'Dear Sir, Your assistance is needed. I am the director of auditing at the Bank of [insert name of fictitious African bank here] and I have a proposition that will be very beneficial to both of us. It has recently come to my attention that a very large sum of money has been left in a dormant account at our bank belonging to a person who recently died in a plane crash. I am the only one who knows about this and I need your assistance to transfer this money. But there will be just a few expenses…"

So begins the infamous Nigerian 419 email scam which, despite being widely known and derided, continues to clog up inboxes worldwide on a daily basis. It is just one of the many ways that scam artists try to help unwitting people part with their cash. Their methods can range from the crude and obvious to incredibly sophisticated but if you are unfortunate enough to get sucked in, the end result is the same: you lose.

It is easy to think that in a media-savvy age like ours, people would be too clued in to fall for a scam but the National Consumer Agency (NCA) continues to field calls every week from consumers who are worried that they have fallen for a con. NCA director of public policy Maria Hurley says scammers continue to succeed because they are appealing to a fundamental aspect of human nature: greed.

"We all fancy the idea that we can get rich quick or at least make a few bucks with relatively little effort and that appeals to all of us to some extent. At the moment, because of the economic situation, a lot of people are desperately short of cash and anything that looks like it might offer the opportunity to generate an income could be worth a shot for many people. It is not that they don't engage their brains but people are genuinely in dire straits and very anxious about how to provide for their families and, as a result, they may be willing to explore avenues that they might not previously have considered," she says.

According to the NCA, the number one scam in Ireland is the premium rate con, where you are told that you've won a prize and to claim you must call a 1500 number which lands you with a massive phone bill for a prize that doesn't exist. However, the range of scams is extensive. Earlier this year, a number of people reported receiving calls from people claiming to represent an IT company which had discovered a problem with its virus software. The callers asked the victims to fire up their PC to reinstall the virus software and during the conversation asked for their bank account details – when victims refused to play ball, the callers became very aggressive.

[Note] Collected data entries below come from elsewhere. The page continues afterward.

lemma descent_fiber_quot_map:
  assumes "q \<in> sDist_rel X Z \<beta>" "x \<in> cells X n"
  shows "descent_fiber q n (quot_map Z n x) = fiber_of q n x"
proof (cases "x \<in> Z n")
  case True
  then have "q n x = delta (replicate n 0, x)" using assms(1) by (simp add: sDist_rel_def)
  then show ?thesis
    using True by (simp add: descent_fiber_def quot_map_def fiber_of_def delta_def fun_eq_iff)
qed (simp add: descent_fiber_def quot_map_def)

lemma quot_pullback_in_sDist_rel:
  assumes p: "p \<in> sDist_quot X Z \<beta>"
  shows "quot_pullback X Z p \<in> sDist_rel X Z \<beta>"
  unfolding sDist_rel_def
proof (intro CollectI conjI allI ballI)
  show "quot_pullback X Z p
      \<in> twisted_dists (twisted_prod X (\<lambda>n x. cocycle_twist (quotient_sset X Z) \<beta> n (quot_map Z n x))) X snd"
    by (rule twisted_distsI_fiberwise[OF simplicial_set_face_degen_closed[OF X] _ _
          twisted_fiber_dists_pullback[OF quot_map_in_cells face_quot_map[OF Z] degen_quot_map[OF Z]
          sDist_quot_fibers[OF p]]])
      (simp_all add: quot_pullback_def)
next
  fix n z assume "z \<in> Z n"
  moreover have "z \<in> cells X n" using Z \<open>z \<in> Z n\<close> by (auto simp: simplicial_subset_def)
  ultimately show "quot_pullback X Z p n z = delta (replicate n 0, z)"
    by (simp add: quot_pullback_def quot_map_def sDist_quot_fiber_None[OF p] fiber_dist_delta)
qed
text \<open>Here \<open>P + d e0*\<close> is a (0,1)-cycle through \<open>e0\<close> avoiding \<open>e1\<close>. A path from the head
  of \<open>s e1\<close> back to its tail in the residual graph of \<open>P\<close> would close \<open>P + d e0* + s e1*\<close>
  into a (0,1)-cycle on which \<open>w\<close> takes the value 2.\<close>

lemma no_augmenting_path:
  assumes G: "graph V E src tgt" and e0: "e0 \<in> E" and e1: "e1 \<in> E" "e0 \<noteq> e1"
    and s: "s \<in> {1, -1}" and d: "d \<in> {1, -1}"
    and unit: "unit_on_01_cycles V E src tgt w"
    and w: "w = (\<lambda>x. s * dual_edge e1 x + d * dual_edge e0 x)"
    and P: "unit_chain E P" "P e0 = 0" "P e1 = 0" "is_cycle V E src tgt (\<lambda>x. P x + d * dual_edge e0 x)"
  shows "(if s = 1 then src e1 else tgt e1) \<notin>
    reachable (residual (E - {e0, e1}) P) src tgt (if s = 1 then tgt e1 else src e1)"
    (is "?tail \<notin> reachable ?A src tgt ?head")
proof
  assume reach: "?tail \<in> reachable ?A src tgt ?head"
  have fin: "finite E" using G by (simp add: graph_def)
  define q where "q = (\<lambda>x. P x + d * dual_edge e0 x + s * dual_edge e1 x)"
  have "unit_chain E q"
    using P(1-3) s d e0 e1 unfolding q_def unit_chain_def dual_edge_def by auto
  moreover have "boundary E src tgt q v = (if v = ?head then 1 else 0) - (if v = ?tail then 1 else 0)"
    if "v \<in> V" for v
  proof -
    have "boundary E src tgt (\<lambda>x. P x + d * dual_edge e0 x) v = 0"
      using P(4) that by (simp add: is_cycle_iff_boundary)
    then show ?thesis
      using s unfolding q_def boundary_add boundary_scale boundary_dual_edge[OF fin e1(1)] by auto
  qed
  moreover have "{e. \<exists>\<sigma>. ?A e \<sigma>} \<subseteq> E" "\<And>e. q e \<noteq> 0 \<Longrightarrow> \<not> ?A e (q e)"
    unfolding residual_def q_def dual_edge_def by auto
  ultimately obtain p where cycle: "is_01_cycle V E src tgt (\<lambda>e. q e + p e)"
    and p: "\<And>e. p e \<noteq> 0 \<Longrightarrow> ?A e (p e)"
    using closing_path_cycle[OF fin, of q V src tgt ?head ?tail ?A] reach by blast
  have "p e0 = 0" "p e1 = 0" using p unfolding residual_def by auto
  then have "pairing E w (\<lambda>e. q e + p e) = s * s + d * d"
    using P(2,3) e1(2) unfolding w pairing_two_dual_edges[OF fin e0 e1(1)]
    by (simp add: q_def dual_edge_def)
  then show False using cycle unit[unfolded unit_on_01_cycles_def] s d by auto
qed

text \<open>Every edge crossing the residual cut is used by \<open>P\<close> against the cut, so pairing the cycle
  \<open>P + d e0*\<close> with the coboundary of the cut's indicator counts these edges.\<close>

lemma card_residual_cut_crossing:
  assumes G: "graph V E src tgt" and e0: "e0 \<in> E"
    and P: "P e0 = 0" "P e1 = 0" "is_cycle V E src tgt (\<lambda>x. P x + d * dual_edge e0 x)"
    and T: "T = reachable (residual (E - {e0, e1}) P) src tgt u"
  shows "int (card {e \<in> E - {e0, e1}. (src e \<in> T) \<noteq> (tgt e \<in> T)})
    = (of_bool (tgt e0 \<in> T) - of_bool (src e0 \<in> T)) * d"
proof -
  have fin: "finite E" using G by (simp add: graph_def)
  define g where "g = (\<lambda>v. of_bool (v \<in> T) :: int)"
  define X where "X = {e \<in> E - {e0, e1}. (src e \<in> T) \<noteq> (tgt e \<in> T)}"
  have crossing: "(g (tgt e) - g (src e)) * P e = - of_bool (e \<in> X)" if "e \<in> E" for e
  proof (cases "e \<in> {e0, e1}")
    case True
    then show ?thesis using P(1,2) unfolding X_def by auto
  next
    case False
    then show ?thesis
      using residual_cut_crossing[OF _ T, of e] that unfolding X_def g_def by auto
  qed
  have "0 = pairing E (\<lambda>e. g (tgt e) - g (src e)) (\<lambda>x. P x + d * dual_edge e0 x)"
    using pairing_coboundary_cycle[OF G P(3)] by simp
  also have "\<dots> = pairing E (\<lambda>e. g (tgt e) - g (src e)) P + (g (tgt e0) - g (src e0)) * d"
    by (simp add: pairing_add pairing_scaled_dual_edge(2)[OF fin e0])
  also have "pairing E (\<lambda>e. g (tgt e) - g (src e)) P = - int (card X)"
  proof -
    have "E \<inter> X = X" unfolding X_def by auto
    moreover have "pairing E (\<lambda>e. g (tgt e) - g (src e)) P = - (\<Sum>e\<in>E. of_bool (e \<in> X))"
      unfolding pairing_def sum_negf[symmetric] using crossing by (intro sum.cong) auto
    ultimately show ?thesis using fin by simp
  qed
  finally show ?thesis by (simp add: g_def X_def)
qed

text \<open>The vertices reachable from the head of \<open>s e1\<close> in the residual graph of \<open>P\<close> form a cut
  separating the ends of \<open>e1\<close>, crossed by at most one further edge.\<close>

lemma two_coedges_cycle_avoiding_e1:
  assumes G: "graph V E src tgt" and e0: "e0 \<in> E" and e1: "e1 \<in> E" "e0 \<noteq> e1"
    and s: "s \<in> {1, -1}" and d: "d \<in> {1, -1}"
    and unit: "unit_on_01_cycles V E src tgt w"
    and w: "w = (\<lambda>x. s * dual_edge e1 x + d * dual_edge e0 x)"
    and P: "unit_chain E P" "P e0 = 0" "P e1 = 0" "is_cycle V E src tgt (\<lambda>x. P x + d * dual_edge e0 x)"
  shows "\<exists>f\<in>E. \<exists>\<sigma>\<in>{1, -1::int}. cohomologous V E src tgt w (\<lambda>x. \<sigma> * dual_edge f x)"
proof -
  have fin: "finite E" using G by (simp add: graph_def)
  define head where "head = (if s = 1 then tgt e1 else src e1)"
  define T where "T = reachable (residual (E - {e0, e1}) P) src tgt head"
  define g where "g = (\<lambda>v. of_bool (v \<in> T) :: int)"
  define \<delta> where "\<delta> = (\<lambda>e. g (tgt e) - g (src e))"
  define X where "X = {e \<in> E - {e0, e1}. (src e \<in> T) \<noteq> (tgt e \<in> T)}"
  have "(if s = 1 then src e1 else tgt e1) \<notin> T"
    unfolding T_def head_def by (rule no_augmenting_path[OF assms])
  moreover have "head \<in> T" unfolding T_def by (rule reachable_start)
  ultimately have \<delta>_e1: "\<delta> e1 = s"
    using s unfolding \<delta>_def g_def head_def by (auto split: if_splits)
  have \<delta>_off_X: "\<delta> e = 0" if "e \<in> E" "e \<noteq> e0" "e \<noteq> e1" "e \<notin> X" for e
    using that unfolding X_def \<delta>_def g_def by auto
  have card_X: "int (card X) = \<delta> e0 * d"
    unfolding X_def \<delta>_def g_def by (rule card_residual_cut_crossing[OF G e0 P(2-4) T_def])
  moreover have "\<delta> e0 \<in> {1, 0, -1}" unfolding \<delta>_def g_def by simp
  ultimately have "card X = 0 \<or> card X = 1" using d by auto
  then show ?thesis
  proof
    assume "card X = 0"
    then have "\<delta> e0 = 0" using card_X d by auto
    have "X = {}" using \<open>card X = 0\<close> fin by (simp add: X_def)
    have "cohomologous V E src tgt w (\<lambda>x. d * dual_edge e0 x)"
    proof (rule cohomologousI[where g = g])
      fix e assume "e \<in> E"
      then show "w e - d * dual_edge e0 e = g (tgt e) - g (src e)"
        using \<delta>_e1 \<open>\<delta> e0 = 0\<close> \<delta>_off_X[of e] \<open>X = {}\<close> e1(2) unfolding w dual_edge_def \<delta>_def
        by (cases "e = e0"; cases "e = e1") auto
    qed
    then show ?thesis using e0 d by blast
  next
    assume "card X = 1"
    then obtain f where "X = {f}" by (rule card_1_singletonE)
    then have f: "f \<in> E" "f \<noteq> e0" "f \<noteq> e1" "\<delta> f \<in> {1, -1}"
      unfolding X_def \<delta>_def g_def by auto
    have "\<delta> e0 = d" using card_X \<open>card X = 1\<close> d by auto
    have "cohomologous V E src tgt w (\<lambda>x. - \<delta> f * dual_edge f x)"
    proof (rule cohomologousI[where g = g])
      fix e assume "e \<in> E"
      then show "w e - - \<delta> f * dual_edge f e = g (tgt e) - g (src e)"
        using \<delta>_e1 \<open>\<delta> e0 = d\<close> \<delta>_off_X[of e] \<open>X = {f}\<close> f e1(2) unfolding w dual_edge_def \<delta>_def
        by (cases "e = e0"; cases "e = e1"; cases "e = f") auto
    qed
    then show ?thesis using f by force
  qed
qed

Scams are not always so obvious though – some can seem entirely plausible and the victim can sleepwalk into them without realising what is happening. The work-at-home scam, for instance, promises you the chance to earn attractive sums of money while sitting in the comfort of your own living room – all you need to do is make an initial investment. Money that you will either never see again or which buys you a bunch of overpriced envelopes. There has been a surge in very sophisticated "phishing" scams recently – where the scammer sends you an email purporting to be from your bank. These emails look very credible and use the institution's logos and registration details but will invariably ask you to reveal sensitive information like your Pin number, which your bank is never going to ask you for. Even the traditional pyramid scheme has been adapted by scammers – now people are being asked to sell software to their friends with the promise that they will earn commission as more people sign up. The person at the top of the pyramid might make some money but very quickly those moving the software will never see a cent of commission.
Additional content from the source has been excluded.